This was just a normal celebrity weekend in Miami. Friday night, Serena Williams and Caroline Wozniacki watched the Miami Heat clinch their fourth consecutive Eastern Conference title (and then took celebratory photos with Greg Oden).
Saturday, the legendary tennis megastar was minding her own business on the beach, snapping selfies because what else is there to do on South Beach. You have to stunt, right? Off in the distance a wedding was taking place. In the spirit of the moment, Serena allowed the spirits of Owen Wilson and Vince Vaughan to guide her. The next thing anyone knew, Williams was crashing the wedding in a leopard swimsuit. Judging from the pictures a memory for life was created, so all’s well that ends well in this regard.
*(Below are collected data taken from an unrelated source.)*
(* Suppose $\mathbb{S}$ has more than one element. Then for all $x\in\mathbb{S}$ and $\lambda\ge1$: $\pi(\{x\})<P_\lambda(x,\{x\})\le\pi(\{x\})+(1-\pi(\{x\}))\frac{2\hat w}{2\hat w+\lambda-1}$, $\int_{\mathbb{S}}\pi(\{y\})\pi(dy)<\int_{\mathbb{S}}P_\lambda(y,\{y\})\pi(dy)\le\int_{\mathbb{S}}\pi(\{y\})\pi(dy)+\big(1-\int_{\mathbb{S}}\pi(\{y\})\pi(dy)\big)\frac{2\hat w}{2\hat w+\lambda-1}$, and, with $\psi(\lambda)=\frac{\int_{\mathbb{S}}[P_\lambda(y,\{y\})-\pi(\{y\})]\pi(dy)}{1-\int_{\mathbb{S}}\pi(\{y\})\pi(dy)}$, $0<\psi(\lambda)\le\frac{2\hat w}{2\hat w+\lambda-1}$ and $1<\frac{1+\psi(\lambda)}{1-\psi(\lambda)}\le\frac{4\hat w+\lambda-1}{\lambda-1}$ (the last for $\lambda>1$). All the upper bounds are asserted under the additional assumption $\hat w=\sup_xw(x)<\infty$.
   Context: Let $\pi,q$ be probability densities with respect to a $\sigma$-finite measure $\mu$ on $(\mathbb{X},\mathcal{X})$ (singletons measurable) with $q>0$ wherever $\pi>0$; $\pi(dx)=\pi(x)\mu(dx)$, $\pi(A)=\int_A\pi(dx)$, $q(dx)=q(x)\mu(dx)$, $\mathbb{S}=\{\pi>0\}$, $w=\pi/q$ on $\mathbb{S}$ and $0$ elsewhere. For integer $N\ge1$ and $z_1\in\mathbb{S}$, $P_N(z_1,A)=\int_{\mathbb{X}^{N-1}}\sum_{i=1}^N\frac{w(z_i)}{\sum_{j=1}^Nw(z_j)}\mathbf 1\{z_i\in A\}\prod_{n=2}^Nq(dz_n)$, $P_1(z,\cdot)=\delta_z$; for real $\lambda\ge1$, $P_\lambda=\beta P_{\lfloor\lambda\rfloor}+(1-\beta)P_{\lfloor\lambda\rfloor+1}$ with $\beta=\lfloor\lambda\rfloor+1-\lambda$. *)

theory Defs
  imports "HOL-Probability.Probability"
begin

definition iw :: "('a \<Rightarrow> real) \<Rightarrow> ('a \<Rightarrow> real) \<Rightarrow> 'a \<Rightarrow> real" where
  "iw p q x = (if p x > 0 then p x / q x else 0)"

definition dens :: "'a measure \<Rightarrow> ('a \<Rightarrow> real) \<Rightarrow> 'a measure" where
  "dens M f = density M (\<lambda>x. ennreal (f x))"

text \<open>The i-SIR kernel P_N(z, A); proposals z_2..z_N are i.i.d. q, indexed by {2..N};
  the current state z is placed at index 1.  P_1(z, .) is the Dirac mass at z.\<close>
definition PN :: "'a measure \<Rightarrow> ('a \<Rightarrow> real) \<Rightarrow> ('a \<Rightarrow> real) \<Rightarrow> nat \<Rightarrow> 'a \<Rightarrow> 'a set \<Rightarrow> real" where
  "PN M p q N z A =
     (if N = 1 then indicator A z
      else (\<integral>zs. (let y = zs(1 := z) in
               (\<Sum>i\<in>{1..N}. iw p q (y i) / (\<Sum>j\<in>{1..N}. iw p q (y j)) * indicator A (y i)))
            \<partial>(PiM {2..N} (\<lambda>_. dens M q))))"

definition Plam :: "'a measure \<Rightarrow> ('a \<Rightarrow> real) \<Rightarrow> ('a \<Rightarrow> real) \<Rightarrow> real \<Rightarrow> 'a \<Rightarrow> 'a set \<Rightarrow> real" where
  "Plam M p q lam z A =
     (let n = nat \<lfloor>lam\<rfloor>; \<beta> = real n + 1 - lam in
        \<beta> * PN M p q n z A + (1 - \<beta>) * PN M p q (n + 1) z A)"

end

theory Submission
  imports Defs
begin

text \<open>
  For \<open>N \<ge> 2\<close> the current state \<open>a\<close> sits in slot 1 next to i.i.d. proposals \<open>Z\<^sub>2, \<dots>, Z\<^sub>N \<sim> q\<close>,
  and \<open>P\<^sub>N(a, {a}) = E[(w a + C) / (w a + B)]\<close>, where \<open>B\<close> is the total weight of the proposals
  and \<open>C\<close> the weight of those equal to \<open>a\<close>.

  Lower bound: let \<open>S\<close> and \<open>W\<close> be the weight at \<open>a\<close> and the total weight of \<open>N\<close> i.i.d.
  particles. The slots are exchangeable and \<open>w dq = d\<pi>\<close>, so \<open>E[S\<^sup>2/W] = N \<pi>(a) P\<^sub>N(a, {a})\<close>,
  while \<open>E[S] = N \<pi>(a)\<close> and \<open>E[W] = N\<close>. Since \<open>S\<^sup>2/W \<ge> 2 \<pi>(a) S - \<pi>(a)\<^sup>2 W\<close>, strictly when all
  particles equal \<open>a\<close>, we get \<open>\<pi>(a) < P\<^sub>N(a, {a})\<close>.

  Upper bound: \<open>1 - P\<^sub>N(a, {a}) = E[A / (w a + B)]\<close> with \<open>A\<close> the proposal weight off \<open>a\<close>. The
  tangent bound \<open>1/t \<ge> 2/K - t/K\<^sup>2\<close> at \<open>K = 2 h + N - 2\<close>, for a bound \<open>h\<close> on \<open>w\<close>, with \<open>E[A] = (N - 1)(1 - \<pi>(a))\<close>
  and \<open>E[A (w a + B)] \<le> (N - 1)(1 - \<pi>(a)) K\<close> gives \<open>1 - P\<^sub>N(a, {a}) \<ge> (N - 1)(1 - \<pi>(a)) / K\<close>.

  The bounds for \<open>P\<^sub>\<lambda>\<close> follow by interpolating between \<open>\<lfloor>\<lambda>\<rfloor>\<close> and \<open>\<lfloor>\<lambda>\<rfloor> + 1\<close>, and those for
  the integrals by integrating against \<open>\<pi>\<close>.
\<close>

section \<open>Independent copies of a probability space\<close>

lemma (in prob_space) integral_PiM_component:
  fixes f :: "'a \<Rightarrow> real"
  assumes "k \<in> I" "f \<in> borel_measurable M"
  shows "(\<integral>\<omega>. f (\<omega> k) \<partial>PiM I (\<lambda>_. M)) = integral\<^sup>L M f"
  using integral_distr[OF measurable_component_singleton[OF assms(1)] assms(2)]
    distr_PiM_component[of I "\<lambda>_. M" k] assms prob_space_axioms by simp

lemma (in prob_space) integrable_PiM_component:
  fixes f :: "'a \<Rightarrow> real"
  assumes "k \<in> I" "integrable M f"
  shows "integrable (PiM I (\<lambda>_. M)) (\<lambda>\<omega>. f (\<omega> k))"
  using integrable_distr_eq[OF measurable_component_singleton[OF assms(1)], of f "\<lambda>_. M"]
    distr_PiM_component[of I "\<lambda>_. M" k] assms prob_space_axioms by simp

lemma (in prob_space) AE_PiM_componentD:
  assumes "k \<in> I" "{x \<in> space M. P x} \<in> sets M" "AE \<omega> in PiM I (\<lambda>_. M). P (\<omega> k)"
  shows "AE x in M. P x"
proof -
  have "AE x in distr (PiM I (\<lambda>_. M)) M (\<lambda>\<omega>. \<omega> k). P x"
    using AE_distr_iff[OF measurable_component_singleton[OF assms(1)], of "\<lambda>_. M" P] assms by simp
  then show ?thesis
    by (subst (asm) distr_PiM_component) (use assms(1) prob_space_axioms in auto)
qed

lemma (in prob_space) integral_PiM_sum_components:
  fixes f :: "'a \<Rightarrow> real"
  assumes "finite I" "integrable M f"
  shows "(\<integral>\<omega>. (\<Sum>i\<in>I. f (\<omega> i)) \<partial>PiM I (\<lambda>_. M)) = card I * integral\<^sup>L M f"
  using assms by (simp add: integrable_PiM_component integral_PiM_component)

lemma (in prob_space) integrable_PiM_sum_components:
  fixes f :: "'a \<Rightarrow> real"
  assumes "integrable M f"
  shows "integrable (PiM I (\<lambda>_. M)) (\<lambda>\<omega>. \<Sum>i\<in>I. f (\<omega> i))"
  using assms by (simp add: integrable_PiM_component)

lemma (in prob_space) integral_PiM_two_components:
  fixes f g :: "'a \<Rightarrow> real" and I :: "'i set"
  assumes I: "finite I" and jk: "j \<in> I" "k \<in> I" "j \<noteq> k"
    and f: "integrable M f" and g: "integrable M g"
  shows "(\<integral>\<omega>. f (\<omega> j) * g (\<omega> k) \<partial>PiM I (\<lambda>_. M)) = integral\<^sup>L M f * integral\<^sup>L M g"
proof -
  interpret product_sigma_finite "\<lambda>_. M"
    by (simp add: product_sigma_finite_def sigma_finite_measure_axioms)
  define F where "F i = (if i = j then f else if i = k then g else (\<lambda>_. 1))" for i
  have split: "(\<Prod>i\<in>I. h i) = h j * h k" if "\<And>i. i \<in> I - {j, k} \<Longrightarrow> h i = 1"
    for h :: "'i \<Rightarrow> real"
  proof -
    have "(\<Prod>i\<in>I. h i) = h j * (h k * (\<Prod>i\<in>I - {j} - {k}. h i))"
      using I jk by (simp add: prod.remove[of I j] prod.remove[of "I - {j}" k])
    also have "(\<Prod>i\<in>I - {j} - {k}. h i) = 1"
      using that by (intro prod.neutral) auto
    finally show ?thesis by simp
  qed
  have "(\<Prod>i\<in>I. F i (\<omega> i)) = f (\<omega> j) * g (\<omega> k)" for \<omega>
    using jk split[of "\<lambda>i. F i (\<omega> i)"] by (simp add: F_def)
  then have "(\<integral>\<omega>. f (\<omega> j) * g (\<omega> k) \<partial>PiM I (\<lambda>_. M)) = (\<integral>\<omega>. (\<Prod>i\<in>I. F i (\<omega> i)) \<partial>PiM I (\<lambda>_. M))"
    by simp
  also have "\<dots> = (\<Prod>i\<in>I. integral\<^sup>L M (F i))"
    using I f g by (intro product_integral_prod) (auto simp: F_def)
  also have "\<dots> = integral\<^sup>L M f * integral\<^sup>L M g"
    using jk split[of "\<lambda>i. integral\<^sup>L M (F i)"] by (simp add: F_def prob_space)
  finally show ?thesis .
qed

lemma (in prob_space) integral_PiM_permute:
  fixes g :: "('i \<Rightarrow> 'a) \<Rightarrow> real"
  assumes \<sigma>: "bij_betw \<sigma> I I" and g: "g \<in> borel_measurable (PiM I (\<lambda>_. M))"
  shows "(\<integral>\<omega>. g (\<lambda>i\<in>I. \<omega> (\<sigma> i)) \<partial>PiM I (\<lambda>_. M)) = (\<integral>\<omega>. g \<omega> \<partial>PiM I (\<lambda>_. M))"
proof -
  have \<sigma>I: "\<sigma> i \<in> I" if "i \<in> I" for i
    using \<sigma> that by (auto simp: bij_betw_def)
  let ?\<Omega> = "PiM I (\<lambda>_. M)" and ?t = "\<lambda>\<omega>. \<lambda>i\<in>I. \<omega> (\<sigma> i)"
  have "distr ?\<Omega> ?\<Omega> ?t = ?\<Omega>"
    using distr_PiM_reindex[of I "\<lambda>_. M" \<sigma> I] \<sigma> prob_space_axioms
    by (simp add: bij_betw_def bij_betw_imp_funcset)
  then have "(\<integral>\<omega>. g \<omega> \<partial>?\<Omega>) = (\<integral>\<omega>. g \<omega> \<partial>distr ?\<Omega> ?\<Omega> ?t)"
    by simp
  also have "\<dots> = (\<integral>\<omega>. g (?t \<omega>) \<partial>?\<Omega>)"
    by (intro integral_distr g measurable_restrict measurable_component_singleton \<sigma>I)
  finally show ?thesis ..
qed
(* Let $T$ be a subset of $\mathbb{N}_0^d$ whose affine span has dimension $1$. Then the $1$-completion of $T$ equals $\Lambda(T)\cap\mathbb{N}_0^d$.
   Context: $\mathbb{N}_0=\{0,1,2,\dots\}$. For nonempty $\Gamma\subseteq\mathbb{N}_0^d$, $\Lambda(\Gamma)$ is the coset in $\mathbb{Z}^d$ generated by $\Gamma$ (smallest coset of a subgroup of $\mathbb{Z}^d$ containing $\Gamma$); each $\lambda\in\Lambda(\Gamma)$ can be written $\lambda=\gamma+\sum_{\alpha\in\Gamma,\alpha\neq\gamma}m_{\gamma,\alpha}(\alpha-\gamma)$ with $\gamma\in\Gamma$ and integers $m_{\gamma,\alpha}$, finitely many nonzero. $d(\Gamma,\lambda)$ is the infimum over all such representations of $\max\big(\sum_{m_{\gamma,\alpha}>0}m_{\gamma,\alpha},-\sum_{m_{\gamma,\alpha}<0}m_{\gamma,\alpha}\big)$, and $E_n(\Gamma)=\{\lambda\in\Lambda(\Gamma)\cap\mathbb{N}_0^d:d(\Gamma,\lambda)\leq n\}$. Set $E_n^1(T)=E_n(T)$, $E_n^{k+1}(T)=E_n(E_n^k(T))$, and the $n$-completion $E_n^\infty(T)=\bigcup_{k\geq1}E_n^k(T)$. *)

theory Defs
  imports "HOL-Analysis.Analysis"
begin

text \<open>Points of Z^d are modelled as int ^ 'd (d = CARD('d), arbitrary but fixed).\<close>

definition Nd :: "(int ^ 'd) set" where
  "Nd = {x. \<forall>i. 0 \<le> x $ i}"

definition is_subgroup :: "(int ^ 'd) set \<Rightarrow> bool" where
  "is_subgroup H \<longleftrightarrow> 0 \<in> H \<and> (\<forall>x\<in>H. \<forall>y\<in>H. x - y \<in> H)"

definition is_coset :: "(int ^ 'd) set \<Rightarrow> bool" where
  "is_coset C \<longleftrightarrow> (\<exists>a H. is_subgroup H \<and> C = (\<lambda>h. a + h) ` H)"

definition Lam :: "(int ^ 'd) set \<Rightarrow> (int ^ 'd) set" where
  "Lam G = \<Inter> {C. is_coset C \<and> G \<subseteq> C}"

definition is_rep :: "(int ^ 'd) set \<Rightarrow> int ^ 'd \<Rightarrow> int ^ 'd \<Rightarrow> (int ^ 'd \<Rightarrow> int) \<Rightarrow> bool" where
  "is_rep G l g m \<longleftrightarrow> g \<in> G \<and> finite {a. m a \<noteq> 0} \<and>
     (\<forall>a. m a \<noteq> 0 \<longrightarrow> a \<in> G \<and> a \<noteq> g) \<and>
     l = g + (\<Sum>a\<in>{a. m a \<noteq> 0}. m a *s (a - g))"

definition rep_cost :: "(int ^ 'd \<Rightarrow> int) \<Rightarrow> nat" where
  "rep_cost m = nat (max (\<Sum>a\<in>{a. m a > 0}. m a) (- (\<Sum>a\<in>{a. m a < 0}. m a)))"

definition dist_G :: "(int ^ 'd) set \<Rightarrow> int ^ 'd \<Rightarrow> enat" where
  "dist_G G l = (INF p \<in> {(g, m). is_rep G l g m}. enat (rep_cost (snd p)))"

definition En :: "nat \<Rightarrow> (int ^ 'd) set \<Rightarrow> (int ^ 'd) set" where
  "En n G = {l \<in> Lam G \<inter> Nd. dist_G G l \<le> enat n}"

definition En_iter :: "nat \<Rightarrow> nat \<Rightarrow> (int ^ 'd) set \<Rightarrow> (int ^ 'd) set" where
  "En_iter n k T = (En n ^^ k) T"

definition En_completion :: "nat \<Rightarrow> (int ^ 'd) set \<Rightarrow> (int ^ 'd) set" where
  "En_completion n T = (\<Union>k\<in>{1..}. En_iter n k T)"

definition to_real :: "int ^ 'd \<Rightarrow> real ^ 'd" where
  "to_real x = (\<chi> i. real_of_int (x $ i))"

end

theory Submission
  imports Defs
begin

text \<open>Each \<open>E\<^sub>1\<close> step stays inside \<open>\<Lambda>\<close>, while the 1-completion \<open>C\<close> of \<open>T\<close> is closed
  under \<open>x - y + z\<close> whenever the result lies in \<open>N\<^sub>0\<^sup>d\<close>. As \<open>T\<close> is collinear, so are
  \<open>\<Lambda>(T)\<close> and \<open>C\<close>, and a coordinate \<open>i\<close> on which two points of \<open>C\<close> differ is injective on
  their line. Projected to coordinate \<open>i\<close>, \<open>C\<close> becomes a set \<open>S\<close> of integers closed under
  \<open>s - t + r\<close> inside the convex set of values whose point on the line lies in \<open>N\<^sub>0\<^sup>d\<close>.
  If \<open>\<delta>\<close> is the least positive gap in \<open>S\<close>, convexity forces \<open>S\<close> to be exactly the admissible
  part of one residue class mod \<open>\<delta>\<close>. So \<open>C\<close> is \<open>N\<^sub>0\<^sup>d\<close> intersected with a coset (the lattice
  points of the line in that class), and this coset contains \<open>\<Lambda>(T)\<close>.\<close>

lemma coset_diff_add:
  assumes "is_coset C" "a \<in> C" "b \<in> C" "c \<in> C"
  shows "a - b + c \<in> C"
proof -
  obtain x H where H: "is_subgroup H" "C = (\<lambda>h. x + h) ` H"
    using assms(1) unfolding is_coset_def by blast
  then obtain ha hb hc where "ha \<in> H" "hb \<in> H" "hc \<in> H"
    and "a = x + ha" "b = x + hb" "c = x + hc"
    using assms(2-4) by blast
  moreover have "ha - hb - (0 - hc) \<in> H"
    using H(1) \<open>ha \<in> H\<close> \<open>hb \<in> H\<close> \<open>hc \<in> H\<close> unfolding is_subgroup_def by blast
  ultimately show ?thesis
    using H(2) by (force simp: algebra_simps)
qed

lemma is_cosetI:
  assumes "x \<in> C" and closed: "\<And>a b c. a \<in> C \<Longrightarrow> b \<in> C \<Longrightarrow> c \<in> C \<Longrightarrow> a - b + c \<in> C"
  shows "is_coset C"
proof -
  let ?H = "(\<lambda>y. y - x) ` C"
  have "is_subgroup ?H"
    unfolding is_subgroup_def
  proof (intro conjI ballI)
    show "0 \<in> ?H" using \<open>x \<in> C\<close> by force
    fix h k assume "h \<in> ?H" "k \<in> ?H"
    then obtain a b where "a \<in> C" "b \<in> C" "h = a - x" "k = b - x" by blast
    then show "h - k \<in> ?H"
      using closed[OF \<open>a \<in> C\<close> \<open>b \<in> C\<close> \<open>x \<in> C\<close>] by (force simp: algebra_simps)
  qed
  moreover have "C = (\<lambda>h. x + h) ` ?H" by (force simp: image_image)
  ultimately show ?thesis unfolding is_coset_def by blast
qed

lemma subset_Lam: "G \<subseteq> Lam G"
  unfolding Lam_def by blast

lemma Lam_subset: "is_coset C \<Longrightarrow> G \<subseteq> C \<Longrightarrow> Lam G \<subseteq> C"
  unfolding Lam_def by blast

lemma Lam_subset_Lam: "G \<subseteq> Lam T \<Longrightarrow> Lam G \<subseteq> Lam T"
  unfolding Lam_def by blast

lemma Lam_diff_add: "a \<in> Lam G \<Longrightarrow> b \<in> Lam G \<Longrightarrow> c \<in> Lam G \<Longrightarrow> a - b + c \<in> Lam G"
  unfolding Lam_def using coset_diff_add by blast

lemma dist_G_diff_add_le:
  assumes "a \<in> G" "b \<in> G" "c \<in> G"
  shows "dist_G G (a - b + c) \<le> enat 1"
proof -
  \<comment> \<open>\<open>a - b + c = c + (a - c) - (b - c)\<close> with base point \<open>c\<close>; a representation needs the
    coefficient at \<open>c\<close> to be 0, which is harmless since the term \<open>c - c\<close> vanishes.\<close>
  define m where "m x = (if x = c then 0 else of_bool (x = a) - of_bool (x = b) :: int)" for x
  have supp: "{x. m x \<noteq> 0} \<subseteq> {a, b} - {c}"
    unfolding m_def by auto
  have "(\<Sum>x\<in>{x. m x \<noteq> 0}. m x *s (x - c)) = (\<Sum>x\<in>{a, b}. m x *s (x - c))"
    using supp by (intro sum.mono_neutral_left) auto
  also have "\<dots> = a - b"
  proof (cases "a = b")
    case False
    then have "m a *s (a - c) = a - c" "m b *s (b - c) = c - b"
      by (auto simp: m_def vec_eq_iff)
    with False show ?thesis by simp
  qed (simp add: m_def)
  finally have "is_rep G (a - b + c) c m"
    using assms supp unfolding is_rep_def by (auto intro: finite_subset)
  moreover have "rep_cost m \<le> 1"
  proof -
    have "{x. 0 < m x} \<subseteq> {a}" "{x. m x < 0} \<subseteq> {b}" "\<And>x. m x \<le> 1" "\<And>x. -1 \<le> m x"
      unfolding m_def by auto
    then have "sum m {x. 0 < m x} \<le> 1" "- sum m {x. m x < 0} \<le> 1"
      by (auto dest!: subset_singletonD)
    then show ?thesis
      unfolding rep_cost_def by linarith
  qed
  ultimately show ?thesis
    unfolding dist_G_def by (intro INF_lower2[of "(c, m)"]) auto
qed

lemma En_subset: "En n G \<subseteq> Lam G \<inter> Nd"
  unfolding En_def by blast

lemma diff_add_mem_En1:
  assumes "a \<in> G" "b \<in> G" "c \<in> G" "a - b + c \<in> Nd"
  shows "a - b + c \<in> En 1 G"
  using assms dist_G_diff_add_le[OF assms(1-3)] Lam_diff_add subset_Lam
  unfolding En_def by blast

lemma subset_En1: "G \<subseteq> Nd \<Longrightarrow> G \<subseteq> En 1 G"
  using diff_add_mem_En1[of x G x x for x] by auto

lemma En_iter_Suc: "En_iter n (Suc k) T = En n (En_iter n k T)"
  unfolding En_iter_def by simp

lemma En_iter_subset: "T \<subseteq> Nd \<Longrightarrow> En_iter n k T \<subseteq> Lam T \<inter> Nd"
proof (induction k)
  case 0
  then show ?case using subset_Lam by (auto simp: En_iter_def)
next
  case (Suc k)
  then show ?case
    using En_subset[of n "En_iter n k T"] Lam_subset_Lam[of "En_iter n k T" T]
    by (auto simp: En_iter_Suc)
qed
lemma square_integrable_inner_integrable:
  assumes f: "square_integrable M f" and g: "square_integrable M g"
  shows "integrable M (\<lambda>z. f z * cnj (g z))"
proof (rule Bochner_Integration.integrable_bound)
  show "integrable M (\<lambda>z. (cmod (f z))\<^sup>2 + (cmod (g z))\<^sup>2)"
    using f g unfolding square_integrable_def by auto
  have [measurable]: "f \<in> borel_measurable M" "g \<in> borel_measurable M"
    using f g unfolding square_integrable_def by auto
  have "(\<lambda>z. cnj (g z)) \<in> borel_measurable M"
    by (rule borel_measurable_continuous_on[where f = cnj]) simp_all
  then show "(\<lambda>z. f z * cnj (g z)) \<in> borel_measurable M" by measurable
  have "cmod (f z) * cmod (g z) \<le> (cmod (f z))\<^sup>2 + (cmod (g z))\<^sup>2" for z
    using sum_squares_bound[of "cmod (f z)" "cmod (g z)"]
      mult_nonneg_nonneg[OF norm_ge_zero norm_ge_zero, of "f z" "g z"] by linarith
  then show "AE z in M. norm (f z * cnj (g z)) \<le> norm ((cmod (f z))\<^sup>2 + (cmod (g z))\<^sup>2)"
    by (simp add: norm_mult)
qed

lemma L2_norm_nonneg: "0 \<le> L2_norm M f"
  unfolding L2_norm_def by simp

lemma L2_norm_sq: "(L2_norm M f)\<^sup>2 = (\<integral>z. (cmod (f z))\<^sup>2 \<partial>M)"
  unfolding L2_norm_def by (simp add: integral_nonneg_AE)

lemma L2_inner_self: "L2_inner M f f = of_real ((L2_norm M f)\<^sup>2)"
  unfolding L2_inner_def L2_norm_sq
  by (simp add: complex_norm_square[symmetric] del: of_real_power)

lemma L2_inner_cnj_commute: "L2_inner M g f = cnj (L2_inner M f g)"
  unfolding L2_inner_def
  by (simp flip: Bochner_Integration.integral_cnj add: mult.commute)

lemma L2_inner_mult_right: "L2_inner M f (\<lambda>z. c * g z) = cnj c * L2_inner M f g"
  unfolding L2_inner_def by (simp add: ac_simps)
Let’s run through three quick thoughts while we’re still here:
1. Wedding crashing is risky business, especially when taking into consideration you don’t know how the bride is going to react. She’s been awaiting this day her entire life, and then some scantly clad woman comes sashaying down the aisle attempting to one up her? Nah. Then again, it is Serena Williams. Fighting her, in a wedding dress at that, probably wouldn’t end too well. She is still from Compton, too, don’t forget.
2. All praise to the groom. Keeping his eyes focused on his queen while Serena’s frame filled out that swimsuit was a test to his marriage he probably wasn’t expecting so soon. The last thing any man wants to deal with is his lady cussing him out, let alone his wedding night.
3. I say this with all the respect in the world. Serena is thicker than Mississippi molasses on a southern grandma’s French toast on Easter Sunday. Or in the words of a Crew member who shall remain nameless, “Serena has the ass of a school cafeteria worker.”